Читаем Пять дней отдыха. Соловьи полностью

На нас шла небольшая процессия: четверо солдат несли носилки, на них лежал босой человек, и сначала мы увидели его синие ноги, потом укрытую мешковиной голову, и эти четверо пожилых с очень одинаковыми запавшими лицами несли его коридором, этой сумеречной дорогой в ту сторону, где слабо белела дверная щель, и носилки проплыли мимо, покачиваясь, и уходили все дальше и дальше.

— Вот так каждый день, — сказал командир. — Жрут черт знает что, а потом или в госпиталь, или туда, за ограду.

— Куда за ограду? — спросил непонятливый наш капитан.

— На кладбище, — хмуро произнес командир и исчез, как и появился.

Потом я узнал, что тех, кто умирал здесь, в казарме, отвозили на кладбище, где работал старенький экскаватор немецкой фирмы «Демаг», который куплен был Внешторгом еще до войны и топился, как паровоз, каменным углем. Он рыл там траншеи для братских могил в мерзлой земле, взорванной сначала динамитом, и в эти траншеи свозили тех, кого подбирали на улицах, в разрушенных или оледенелых домах, — началась очистка города, ведь вот-вот могла наступить оттепель, а потом весна, и медики боялись, что в этом городе могут начаться эпидемии, как начинались они в средневековых осажденных городах.

Я принес своим капустного варева, по кусочку сахару и полкило хлеба — ком, похожий на влажную глину. Это было все, что полагалось нам. Трое смотрели на меня выжидающе, думая, что у меня еще сохранился какой-то запас дешевого юмора и я так скверно пошутил, а сейчас вытащу откуда-нибудь из-за пазухи мешок с сухарями.

— Все! — сказал я. — Здесь второй эшелон. Сто пятьдесят граммов хлеба в зубы и по сухарю утром. Будем делить.

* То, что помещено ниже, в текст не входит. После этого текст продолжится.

(* Let $L\ge1$, $k\ge2$ be integers with $k\mid L$, let $r$ be a positive integer, $p$ a positive integer, $l_j=(j-1)\frac Lk+1$ for $j=1,\dots,k$ and $l_{k+1}=2L$. Let $u\in\{1,\dots,k-1\}$, let $m_u$ be an $(l_{u+1}+2-l_u)$-bit string and $m'_{u+1}$ a $(2L+p+2-l_{u+1})$-bit string, and suppose that for some $s_0\in\{0,1,\dots,r-1\}$, $$\Big|m'_{u+1}-\big(\tfrac{s_0}{r}\big)_{\{l_{u+1},2L+1+p\}}\Big|<2^p,\qquad (m'_{u+1})_{[1,2]}=\big(\tfrac{s_0}{r}\big)_{\{l_{u+1},l_{u+1}+1\}},$$ and $$d_{l_{u+1}+2-l_u}\Big(m_u,\big(\tfrac{s_0}{r}\big)_{\{l_u,l_{u+1}+1\}}\Big)\le 1.$$ Then there exists $c_u\in\{-1,0,1\}$ such that (the integer formed by the last two bits of $m_u$)$+c_u\equiv (m'_{u+1})_{[1,2]}\pmod 4$, and for any such $c_u$, letting $prefix_u=(m_u+c_u)\bmod 2^{l_{u+1}+2-l_u}$ (as an $(l_{u+1}+2-l_u)$-bit string) and $m'_u=prefix_u\circ(m'_{u+1})_{[3,\,2L+p+2-l_{u+1}]}$, we have $$\Big|m'_u-\big(\tfrac{s_0}{r}\big)_{\{l_u,2L+1+p\}}\Big|<2^p\quad\text{and}\quad (m'_u)_{[1,2]}=\big(\tfrac{s_0}{r}\big)_{\{l_u,l_u+1\}}.$$
   Context: Bit strings are identified with the binary integers they represent (most significant bit first); $\circ$ denotes concatenation of bit strings. For a bit string $x=x_1\cdots x_n$, $x_{[i,j]}=x_i\cdots x_j$. For real $\omega$ with binary fractional expansion $0.b_1b_2\cdots$ (not ending in infinitely many 1's), $\omega_{\{i,j\}}=b_i\cdots b_j$. For two $t$-bit strings $x,y$, $d_t(x,y)=\min(|x-y|,2^t-|x-y|)$. The construction of $m'_u$ from $m_u$ and $m'_{u+1}$ is one step of the classical correction procedure CombineResults. *)

theory Defs
  imports Complex_Main
begin

text \<open>Bit strings are integers; a t-bit string x satisfies 0 \<le> x < 2^t.\<close>

definition is_bits :: "nat \<Rightarrow> int \<Rightarrow> bool" where
  "is_bits t x \<longleftrightarrow> 0 \<le> x \<and> x < 2 ^ t"

text \<open>x_{[i,j]} for an n-bit string x (bits numbered 1..n, most significant first).\<close>
definition substr :: "nat \<Rightarrow> int \<Rightarrow> nat \<Rightarrow> nat \<Rightarrow> int" where
  "substr n x i j = (x div 2 ^ (n - j)) mod 2 ^ (j + 1 - i)"

text \<open>omega_{i,j} = b_i ... b_j of the binary expansion 0.b_1 b_2 ... (not ending in
  infinitely many 1's) of a real omega in [0,1).\<close>
definition frac_bits :: "real \<Rightarrow> nat \<Rightarrow> nat \<Rightarrow> int" where
  "frac_bits \<omega> i j = \<lfloor>2 ^ j * \<omega>\<rfloor> mod 2 ^ (j + 1 - i)"

definition concat_bits :: "int \<Rightarrow> int \<Rightarrow> nat \<Rightarrow> int" where
  "concat_bits x y ny = x * 2 ^ ny + y"

definition dist_t :: "nat \<Rightarrow> int \<Rightarrow> int \<Rightarrow> int" where
  "dist_t t x y = min \<bar>x - y\<bar> (2 ^ t - \<bar>x - y\<bar>)"

definition lpos :: "nat \<Rightarrow> nat \<Rightarrow> nat \<Rightarrow> nat" where
  "lpos L k j = (if j = k + 1 then 2 * L else (j - 1) * (L div k) + 1)"

end

(* Let T be the block of bits l_u .. l_{u+1}+1 of s0/r. The distance bound on m_u yields a carry
   e in {-1,0,1} with (m_u + e) mod 2^(l_{u+1}+2-l_u) = T. The last two bits of T are the first
   two bits of the next block, which m'_{u+1} carries exactly; since the elements of {-1,0,1} are
   distinct mod 4, e is the only admissible c, so prefix_u = T. Then m'_u and the target block
   l_u .. 2L+1+p share the leading bits T, and their trailing bits are those of m'_{u+1} and of
   its target block, so the error is inherited from m'_{u+1}. *)

theory Submission
  imports Defs
begin

lemma floor_pow2_mult_div:
  "\<lfloor>2 ^ (j + t) * (w::real)\<rfloor> div 2 ^ t = \<lfloor>2 ^ j * w\<rfloor>"
proof -
  have "\<lfloor>2 ^ (j + t) * w\<rfloor> div 2 ^ t = \<lfloor>2 ^ (j + t) * w / real_of_int (2 ^ t)\<rfloor>"
    by (rule floor_divide_real_eq_div[symmetric]) simp
  also have "2 ^ (j + t) * w / real_of_int (2 ^ t) = 2 ^ j * w"
    by (simp add: power_add)
  finally show ?thesis .
qed

lemma concat_bits_div:
  assumes "0 \<le> y" "y < 2 ^ t"
  shows "concat_bits x y t div 2 ^ t = x"
  using assms unfolding concat_bits_def by simp

lemma frac_bits_append:
  assumes "i \<le> j + 1" "j \<le> N"
  shows "frac_bits w i N = concat_bits (frac_bits w i j) (frac_bits w (j + 1) N) (N - j)"
proof -
  define X where "X = \<lfloor>2 ^ N * w\<rfloor>"
  have len: "N + 1 - i = (N - j) + (j + 1 - i)"
    using assms by simp
  have top: "X div 2 ^ (N - j) = \<lfloor>2 ^ j * w\<rfloor>"
    using floor_pow2_mult_div[of j "N - j" w] assms(2) unfolding X_def by simp
  have "frac_bits w i N = X mod (2 ^ (N - j) * 2 ^ (j + 1 - i))"
    unfolding frac_bits_def X_def len power_add ..
  also have "\<dots> = 2 ^ (N - j) * (X div 2 ^ (N - j) mod 2 ^ (j + 1 - i)) + X mod 2 ^ (N - j)"
    by (rule zmod_zmult2_eq) simp
  finally show ?thesis
    unfolding top by (simp add: concat_bits_def frac_bits_def X_def mult.commute)
qed

lemma frac_bits_prefix:
  assumes "i \<le> j + 1" "j \<le> N"
  shows "frac_bits w i N div 2 ^ (N - j) = frac_bits w i j"
proof -
  have "0 \<le> frac_bits w (j + 1) N" "frac_bits w (j + 1) N < 2 ^ (N - j)"
    unfolding frac_bits_def by simp_all
  then show ?thesis
    unfolding frac_bits_append[OF assms, of w] by (rule concat_bits_div)
qed

lemma substr_first_two:
  assumes "is_bits n x"
  shows "substr n x 1 2 = x div 2 ^ (n - 2)"
proof (cases "2 \<le> n")
  case True
  then have "(2::int) ^ n = 2 ^ (n - 2) * 4"
    by (metis le_add_diff_inverse2 power_add power2_eq_square numeral_Bit0 mult_2)
  then have "x div 2 ^ (n - 2) div 4 = 0"
    using assms unfolding is_bits_def by (simp add: zdiv_zmult2_eq[symmetric])
  moreover have "0 \<le> x div 2 ^ (n - 2)"
    using assms unfolding is_bits_def by (simp add: pos_imp_zdiv_nonneg_iff)
  ultimately have "x div 2 ^ (n - 2) < 4"
    by (auto simp: zdiv_eq_0_iff)
  with \<open>0 \<le> x div 2 ^ (n - 2)\<close> show ?thesis
    unfolding substr_def by simp
next
  case False
  then have "n = 0 \<or> n = 1"
    by linarith
  with assms show ?thesis
    unfolding substr_def is_bits_def by auto
qed

lemma substr_after_two: "substr n x 3 n = x mod 2 ^ (n - 2)"
  unfolding substr_def by (simp add: numeral_3_eq_3 numeral_2_eq_2)

lemma frac_bits_suffix:
  assumes "i \<le> j"
  shows "frac_bits w i N mod 2 ^ (N + 1 - j) = frac_bits w j N"
proof -
  have "(2::int) ^ (N + 1 - j) dvd 2 ^ (N + 1 - i)"
    using assms by (simp add: le_imp_power_dvd)
  then show ?thesis
    unfolding frac_bits_def by (simp add: mod_mod_cancel)
qed

lemma dist_t_le_1_imp_carry:
  assumes "is_bits t x" "is_bits t y" "dist_t t x y \<le> 1"
  shows "\<exists>c \<in> {-1, 0, 1}. (x + c) mod 2 ^ t = y"
proof -
  have "min \<bar>x - y\<bar> (2 ^ t - \<bar>x - y\<bar>) \<le> 1" "\<bar>x - y\<bar> < 2 ^ t"
    using assms unfolding dist_t_def is_bits_def by auto
  then consider "\<bar>x - y\<bar> \<le> 1" | "x + 1 = y + 2 ^ t" | "x - 1 = y - 2 ^ t"
    unfolding min_def by (cases "\<bar>x - y\<bar> \<le> 2 ^ t - \<bar>x - y\<bar>"; simp; arith)
  then show ?thesis
  proof cases
    case 1
    then have "y - x \<in> {-1, 0, 1}"
      by auto
    with assms(2) show ?thesis
      unfolding is_bits_def by force
  next
    case 2
    then have "(x + 1) mod 2 ^ t = y"
      using assms(2) unfolding is_bits_def by simp
    then show ?thesis
      by blast
  next
    case 3
    then have "(x + -1) mod 2 ^ t = y"
      using assms(2) unfolding is_bits_def by (simp add: minus_mod_self2)
    then show ?thesis
      by blast
  qed
qed

lemma carry_mod_4_unique:
  fixes x c e :: int
  assumes "c \<in> {-1, 0, 1}" "e \<in> {-1, 0, 1}" "(x + c) mod 4 = (x + e) mod 4"
  shows "c = e"
  using assms by (auto simp: mod_eq_dvd_iff)

lemma combine_step_error:
  fixes m B :: int
  assumes "a \<le> b + 2" "b < N"
    and "m div 2 ^ (N - 1 - b) = frac_bits w b (b + 1)"
    and "\<bar>m - frac_bits w b N\<bar> < B"
  shows "\<bar>concat_bits (frac_bits w a (b + 1)) (m mod 2 ^ (N - 1 - b)) (N - 1 - b)
            - frac_bits w a N\<bar> < B"
proof -
  have "frac_bits w a N
      = concat_bits (frac_bits w a (b + 1)) (frac_bits w (b + 2) N) (N - 1 - b)"
    using frac_bits_append[of a "b + 1" N w] assms(1,2) by simp
  moreover have "frac_bits w b N
      = concat_bits (frac_bits w b (b + 1)) (frac_bits w (b + 2) N) (N - 1 - b)"
    using frac_bits_append[of b "b + 1" N w] assms(2) by simp
  moreover have "m = concat_bits (frac_bits w b (b + 1)) (m mod 2 ^ (N - 1 - b)) (N - 1 - b)"
    unfolding concat_bits_def assms(3)[symmetric] by (rule div_mult_mod_eq[symmetric])
  ultimately show ?thesis
    using assms(4) unfolding concat_bits_def by linarith
qed

lemma combine_step_first_two:
  fixes y :: int
  assumes "a \<le> b" "0 \<le> y" "y < 2 ^ t"
  shows "substr (t + 2 + b - a) (concat_bits (frac_bits w a (b + 1)) y t) 1 2
       = frac_bits w a (a + 1)"
proof -
  have "concat_bits (frac_bits w a (b + 1)) y t div 2 ^ (t + (b - a))
      = concat_bits (frac_bits w a (b + 1)) y t div 2 ^ t div 2 ^ (b + 1 - (a + 1))"
    unfolding power_add by (simp add: zdiv_zmult2_eq)
  also have "\<dots> = frac_bits w a (b + 1) div 2 ^ (b + 1 - (a + 1))"
    using assms(2,3) by (simp only: concat_bits_div)
  also have "\<dots> = frac_bits w a (a + 1)"
    using assms(1) by (intro frac_bits_prefix) simp_all
  finally show ?thesis
    using assms(1) unfolding substr_def by (simp add: frac_bits_def)
qed

lemma combine_results_step:
  fixes w :: real and a b N :: nat and mu m B :: int
  assumes "a \<le> b" "b < N"
    and "is_bits (b + 2 - a) mu"
    and "is_bits (N + 1 - b) m"
    and "\<bar>m - frac_bits w b N\<bar> < B"
    and "substr (N + 1 - b) m 1 2 = frac_bits w b (b + 1)"
    and "dist_t (b + 2 - a) mu (frac_bits w a (b + 1)) \<le> 1"
  shows "(\<exists>c \<in> {-1, 0, 1::int}. (mu mod 4 + c) mod 4 = substr (N + 1 - b) m 1 2 mod 4)
       \<and> (\<forall>c \<in> {-1, 0, 1::int}. (mu mod 4 + c) mod 4 = substr (N + 1 - b) m 1 2 mod 4 \<longrightarrow>
            (let prefix = (mu + c) mod 2 ^ (b + 2 - a);
                 suffix = substr (N + 1 - b) m 3 (N + 1 - b);
                 m' = concat_bits prefix suffix (N - 1 - b)
             in \<bar>m' - frac_bits w a N\<bar> < B
                \<and> substr (N + 1 - a) m' 1 2 = frac_bits w a (a + 1)))"
proof -
  define T where "T = frac_bits w a (b + 1)"
  have "is_bits (b + 2 - a) T"
    unfolding T_def frac_bits_def is_bits_def by simp
  then obtain e where e: "e \<in> {-1, 0, 1}" "(mu + e) mod 2 ^ (b + 2 - a) = T"
    using dist_t_le_1_imp_carry assms(3,7) unfolding T_def by blast
  have "b + 2 - a = (b - a) + 2"
    using assms(1) by simp
  then have "(4::int) dvd 2 ^ (b + 2 - a)"
    by (simp only: power_add) simp
  then have "(mu + e) mod 4 = T mod 4"
    using e(2) by (metis mod_mod_cancel)
  also have "\<dots> = substr (N + 1 - b) m 1 2"
    using frac_bits_suffix[of a b w "b + 1"] assms(1,6) unfolding T_def by simp
  finally have top: "(mu mod 4 + e) mod 4 = substr (N + 1 - b) m 1 2 mod 4"
    by (simp add: mod_add_left_eq)
  have "(let prefix = (mu + c) mod 2 ^ (b + 2 - a);
             suffix = substr (N + 1 - b) m 3 (N + 1 - b);
             m' = concat_bits prefix suffix (N - 1 - b)
         in \<bar>m' - frac_bits w a N\<bar> < B
            \<and> substr (N + 1 - a) m' 1 2 = frac_bits w a (a + 1))"
    if "c \<in> {-1, 0, 1}" "(mu mod 4 + c) mod 4 = substr (N + 1 - b) m 1 2 mod 4" for c
  proof -
    have "c = e"
      using carry_mod_4_unique[of c e mu] that e(1) top by (simp add: mod_add_left_eq)
    moreover have "m div 2 ^ (N - 1 - b) = frac_bits w b (b + 1)"
      using substr_first_two[OF assms(4)] assms(6) by simp
    moreover have "N - 1 - b + 2 + b - a = N + 1 - a"
      using assms(1,2) by simp
    ultimately show ?thesis
      using e(2) assms(1,2,5) combine_step_error[of a b N m w B]
        combine_step_first_two[of a b "m mod 2 ^ (N - 1 - b)" "N - 1 - b" w]
      by (simp add: T_def substr_after_two Let_def)
  qed
  then show ?thesis
    using e(1) top by blast
qed

lemma lpos_Suc:
  assumes "1 \<le> u" "u < k"
  shows "lpos L k (u + 1) = lpos L k u + L div k"
  using assms by (cases u) (auto simp: lpos_def)

lemma lpos_Suc_le:
  assumes "u < k"
  shows "lpos L k (u + 1) \<le> L + 1"
proof -
  have "u * (L div k) \<le> k * (L div k)"
    using assms by simp
  also have "\<dots> \<le> L"
    by simp
  finally show ?thesis
    using assms by (simp add: lpos_def)
qed

theorem proposition4:
  fixes L k r p u s0 :: nat and m_u m'_u1 :: int
  assumes "L \<ge> 1" and "k \<ge> 2" and "k dvd L" and "r > 0" and "p > 0"
    and "1 \<le> u" and "u \<le> k - 1"
    and "is_bits (lpos L k (u+1) + 2 - lpos L k u) m_u"
    and "is_bits (2*L + p + 2 - lpos L k (u+1)) m'_u1"
    and "s0 < r"
    and "\<bar>m'_u1 - frac_bits (real s0 / real r) (lpos L k (u+1)) (2*L+1+p)\<bar> < 2 ^ p"
    and "substr (2*L + p + 2 - lpos L k (u+1)) m'_u1 1 2
           = frac_bits (real s0 / real r) (lpos L k (u+1)) (lpos L k (u+1) + 1)"
    and "dist_t (lpos L k (u+1) + 2 - lpos L k u) m_u
           (frac_bits (real s0 / real r) (lpos L k u) (lpos L k (u+1) + 1)) \<le> 1"
  shows "(\<exists>c \<in> {-1, 0, 1::int}. (m_u mod 4 + c) mod 4
              = substr (2*L + p + 2 - lpos L k (u+1)) m'_u1 1 2 mod 4)
       \<and> (\<forall>c \<in> {-1, 0, 1::int}. (m_u mod 4 + c) mod 4
              = substr (2*L + p + 2 - lpos L k (u+1)) m'_u1 1 2 mod 4 \<longrightarrow>
            (let n\<^sub>u = lpos L k (u+1) + 2 - lpos L k u;
                 prefix = (m_u + c) mod 2 ^ n\<^sub>u;
                 suffix = substr (2*L + p + 2 - lpos L k (u+1)) m'_u1 3
                            (2*L + p + 2 - lpos L k (u+1));
                 m'_u = concat_bits prefix suffix (2*L + p - lpos L k (u+1))
             in \<bar>m'_u - frac_bits (real s0 / real r) (lpos L k u) (2*L+1+p)\<bar> < 2 ^ p
                \<and> substr (2*L + p + 2 - lpos L k u) m'_u 1 2
                    = frac_bits (real s0 / real r) (lpos L k u) (lpos L k u + 1)))"
proof -
  define a where "a = lpos L k u"
  define b where "b = lpos L k (u + 1)"
  have "u < k"
    using assms(2,7) by simp
  then have "a \<le> b" "b < 2 * L + 1 + p"
    using lpos_Suc[OF assms(6)] lpos_Suc_le[of u k L] assms(1) unfolding a_def b_def by auto
  moreover have lengths: "2 * L + 1 + p + 1 - b = 2 * L + p + 2 - b"
    "2 * L + 1 + p - 1 - b = 2 * L + p - b" "2 * L + 1 + p + 1 - a = 2 * L + p + 2 - a"
    by simp_all
  ultimately show ?thesis
    using combine_results_step[of a b "2 * L + 1 + p" m_u m'_u1 "real s0 / real r" "2 ^ p",
        unfolded lengths Let_def] assms(8,9,11-13)
    unfolding a_def[symmetric] b_def[symmetric] Let_def by blast
qed

end
lemma gamma_escape_lipschitz_profiles_le:
  assumes N: "N \<ge> 2" and eps: "\<epsilon> \<ge> 0" and r: "r = (a, \<alpha>, b, \<beta>)" and c: "c \<ge> 0"
  defines "L \<equiv> \<bar>\<alpha>\<bar> + c + 1"
  shows "measure (gamma N \<epsilon> r) (escape_event N \<epsilon> r (lipschitz_profiles (\<bar>a\<bar> + L) L))
    \<le> exp (- (c * real N / 2)) * (\<epsilon> + sqrt (4 * pi)) ^ (N - 1)
       / exp (- ((real N + 1) * (cubic_laplacian_bound r)\<^sup>2 / 2))"
    (is "measure _ ?S \<le> ?R")
proof -
  let ?T = "{x \<in> space (interior_measure N \<epsilon>). c * real N < hamiltonian N (config N r x)}"
  have space: "space (gamma N \<epsilon> r) = space (interior_measure N \<epsilon>)"
    by (simp add: gamma_def)
  have "?S \<subseteq> ?T"
  proof
    fix x assume x: "x \<in> ?S"
    then have "\<not> hamiltonian N (config N r x) \<le> c * real N"
      using profile_in_lipschitz_profiles[OF _ r _ c, of N x] N unfolding L_def
      by (auto simp: escape_event_def)
    then show "x \<in> ?T" using x space by (auto simp: escape_event_def)
  qed
  moreover have "?T \<in> sets (gamma N \<epsilon> r)"
    by (simp add: gamma_def interior_measure_def)
  ultimately have "emeasure (gamma N \<epsilon> r) ?S \<le> ennreal ?R"
    using gamma_high_energy_le[OF N eps] by (blast intro: emeasure_mono order_trans)
  then show ?thesis
    unfolding measure_def by (rule enn2real_leI[rotated]) (use eps in simp)
qed

lemma tail_bound_le_exp:
  assumes N: "N \<ge> 1" and G: "G \<ge> 1" and C: "C \<ge> 0" and c: "M + ln G + C \<le> c / 2"
  shows "exp (- (c * real N / 2)) * G ^ (N - 1) / exp (- ((real N + 1) * C / 2)) \<le> exp (- M * real N)"
proof -
  have "C \<le> real N * C"
    using N C by (simp add: mult_le_cancel_right1)
  then have "(real N + 1) * C / 2 \<le> real N * C"
    by (simp add: field_simps)
  moreover have "real (N - 1) * ln G \<le> real N * ln G"
    using G by (intro mult_right_mono) auto
  moreover have "real N * M + real N * ln G + real N * C \<le> c * real N / 2"
    using mult_left_mono[OF c, of "real N"] by (simp add: algebra_simps)
  ultimately have exponent:
    "- (c * real N / 2) + real (N - 1) * ln G - - ((real N + 1) * C / 2) \<le> - M * real N"
    by (simp add: field_simps)
  have "G ^ (N - 1) = exp (real (N - 1) * ln G)"
    using G by (simp add: exp_of_nat_mult)
  then show ?thesis
    using exponent by (simp only: exp_add[symmetric] exp_diff[symmetric] exp_le_cancel_iff)
qed
text \<open>A map between metric spaces restricted to an open set U is an
 isometric diffeomorphism onto V: here rendered (no smooth structure available)
 as a homeomorphism from U onto V that is a local isometry (locally distance
 preserving), which is what a Riemannian isometry between open sets gives for
 the induced distance functions.\<close>
definition isometric_onto :: "('a::metric_space \<Rightarrow> 'b::metric_space) \<Rightarrow> 'a set \<Rightarrow> 'b set \<Rightarrow> bool" where
  "isometric_onto f U V \<longleftrightarrow>
     (\<exists>g. homeomorphism U V f g) \<and>
     (\<forall>x\<in>U. \<exists>e>0. \<forall>y\<in>ball x e \<inter> U. \<forall>z\<in>ball x e \<inter> U. dist (f y) (f z) = dist y z)"

definition double_covering :: "('a::metric_space \<Rightarrow> 'b::metric_space) \<Rightarrow> bool" where
  "double_covering P \<longleftrightarrow>
     (\<forall>w. \<exists>V. open V \<and> w \<in> V \<and>
        (\<exists>U1 U2. open U1 \<and> open U2 \<and> U1 \<inter> U2 = {} \<and> P -` V = U1 \<union> U2 \<and>
                 isometric_onto P U1 V \<and> isometric_onto P U2 V))"

end

theory Submission
  imports Defs
begin

text \<open>Since \<open>\<Pi>\<close> is a double covering, \<open>\<Phi>\<close> is an involution that locally swaps the two sheets
  isometrically. By compactness of \<open>\<E>\<close> a Lebesgue number \<open>d > 0\<close> makes this uniform: points
  \<open>z\<close> and \<open>\<Phi> z\<close> are at distance at least \<open>d\<close>, and \<open>\<Phi>\<close> preserves distances below \<open>d\<close>. With
  the bump \<open>b(t) = max 0 (1 - t/d)\<close>, the function
  \<open>\<Xi>(z\<^sub>1, z\<^sub>2) = b(dist z\<^sub>1 z\<^sub>2) - b(dist z\<^sub>1 (\<Phi> z\<^sub>2))\<close> has at most one nonzero term, equals \<open>\<plusminus>1\<close>
  exactly on the diagonal and on the graph of \<open>\<Phi>\<close>, is \<open>\<Phi>\<close>-invariant, and is Lipschitz
  because it is bounded and Lipschitz at scales below \<open>d\<close>.\<close>

lemma abs_dist_diff_le_dist_add:
  fixes a b c d :: "'a::metric_space"
  shows "\<bar>dist a b - dist c d\<bar> \<le> dist a c + dist b d"
  by metric

lemma bounded_local_lipschitz_imp_lipschitz:
  fixes f :: "'a::metric_space \<Rightarrow> 'b::real_normed_vector"
  assumes "d > 0" and "L \<ge> 0"
    and bounded: "\<And>x. x \<in> S \<Longrightarrow> norm (f x) \<le> B"
    and local_lip: "\<And>x y. x \<in> S \<Longrightarrow> y \<in> S \<Longrightarrow> dist x y < d \<Longrightarrow> dist (f x) (f y) \<le> L * dist x y"
  shows "(max L (2 * B / d))-lipschitz_on S f"
proof (rule lipschitz_onI)
  fix x y assume xy: "x \<in> S" "y \<in> S"
  show "dist (f x) (f y) \<le> max L (2 * B / d) * dist x y"
  proof (cases "dist x y < d")
    case True
    then have "dist (f x) (f y) \<le> L * dist x y" using local_lip xy by blast
    also have "\<dots> \<le> max L (2 * B / d) * dist x y" by (simp add: mult_right_mono)
    finally show ?thesis .
  next
    case False
    have "dist (f x) (f y) \<le> 2 * B"
      using norm_triangle_ineq4[of "f x" "f y"] bounded[OF xy(1)] bounded[OF xy(2)]
      unfolding dist_norm by linarith
    also have "\<dots> = 2 * B / d * d" using \<open>d > 0\<close> by simp
    also have "\<dots> \<le> max L (2 * B / d) * dist x y"
      using False \<open>d > 0\<close> \<open>L \<ge> 0\<close> bounded[OF xy(1)] by (intro mult_mono) auto
    finally show ?thesis .
  qed
qed (use \<open>L \<ge> 0\<close> in simp)

definition bump :: "real \<Rightarrow> real \<Rightarrow> real" where
  "bump d t = max 0 (1 - t / d)"

lemma bump_bounds:
  assumes "d > 0" "t \<ge> 0"
  shows "0 \<le> bump d t" "bump d t \<le> 1"
  using assms by (auto simp: bump_def)

lemma bump_eq_1_iff:
  assumes "d > 0" "t \<ge> 0"
  shows "bump d t = 1 \<longleftrightarrow> t = 0"
  using assms by (auto simp: bump_def max_def)

lemma bump_eq_0:
  assumes "d > 0" "d \<le> t"
  shows "bump d t = 0"
  using assms by (simp add: bump_def)

lemma bump_lipschitz:
  assumes "d > 0"
  shows "\<bar>bump d s - bump d t\<bar> \<le> \<bar>s - t\<bar> / d"
proof -
  have "\<bar>(1 - s / d) - (1 - t / d)\<bar> = \<bar>s - t\<bar> / d"
    using assms by (simp add: diff_divide_distrib[symmetric] abs_minus_commute)
  then show ?thesis unfolding bump_def by linarith
qed

locale uniform_swap =
  fixes Phi :: "'a::metric_space \<Rightarrow> 'a" and d :: real
  assumes d_pos: "d > 0"
    and involution: "\<And>z. Phi (Phi z) = z"
    and dist_swap_ge: "\<And>z. d \<le> dist z (Phi z)"
    and dist_swap_eq: "\<And>y z. dist y z < d \<Longrightarrow> dist (Phi y) (Phi z) = dist y z"
begin

definition sheet_sign :: "'a \<times> 'a \<Rightarrow> real" where
  "sheet_sign p = bump d (dist (fst p) (snd p)) - bump d (dist (fst p) (Phi (snd p)))"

Тогда они поняли, что теперь действительно не на фронте, а в тылу, и им предстоит не воевать, а отдыхать, а для этого достаточно и такой нормы, потому что в этой школе на нарах есть даже тюфяки, и хорошо топят, и не свистят пули. Они поняли это сразу и приняли безропотно, только Воеводин расстроился и посожалел:

— Не очень-то, извиняюсь, покакаешь.

Мы поделили хлеб старым солдатским способом, разрезали его на равные кусочки, потом собрали крошки, распределили их по пайкам, посадили к ним спиной Казанцева, и я, тыкая пальцем в пайки, кричал: «Кому?», а он называл фамилии. Это самый честный способ, много раз описанный в военной литературе, но о нем не грех лишний раз вспомнить, потому что он являет собой точный пример равенства в выборе. Здесь совершенно невозможно смухлевать, правда, если только не попадется в компании такой тип, как Шустов, который благодаря своему невероятному чутью может угадать больший кусок, если даже сидит к нему спиной. Мы один раз в этом убедились и больше никогда ему не доверяли и чаще всего поручали это дело Казанцеву, самому тихому рыжему парню с очень синими глазами. Он выполнял это поручение, словно извиняясь заранее перед тем, кому достанется пайка чуть поменьше, хотя всегда они были одинаковыми, так точно научились мы их делить.

Мы выскребли и вылизали свои котелки, выкурили по папиросе «Красная звезда», которые выдали нам еще там, на передовой, и блаженно растянулись на нарах, давая отдых всему телу. Мы были сейчас, четверо ребят, одним целым организмом, у которого одно дыхание, одни нервные клетки и одно кровообращение, нас нельзя было разъединить, иначе каждый в отдельности сразу бы оказался на пороге смерти, как это случается с муравьями, если их отторгнуть от муравейника. Мы очень долго были вместе, нас призвали за два месяца до войны, и потом мы отступали от эстонской границы, пока не пришли в Ленинград, и вот теперь из нашей роты осталось только четверо. Я размышлял, почему именно мы остались в живых и дожили до этого дня, когда нам дали отдых, а других таких же ребят, которым было восемнадцать и девятнадцать, нет в живых: кто остался под Кингисеппом, кто на дорогах, а больше всего там, у Невы, возле переправы, где каждый день снаряды крошили лед и выплескивали на берег воду, которая тут же замерзала. Почему мы, четверо?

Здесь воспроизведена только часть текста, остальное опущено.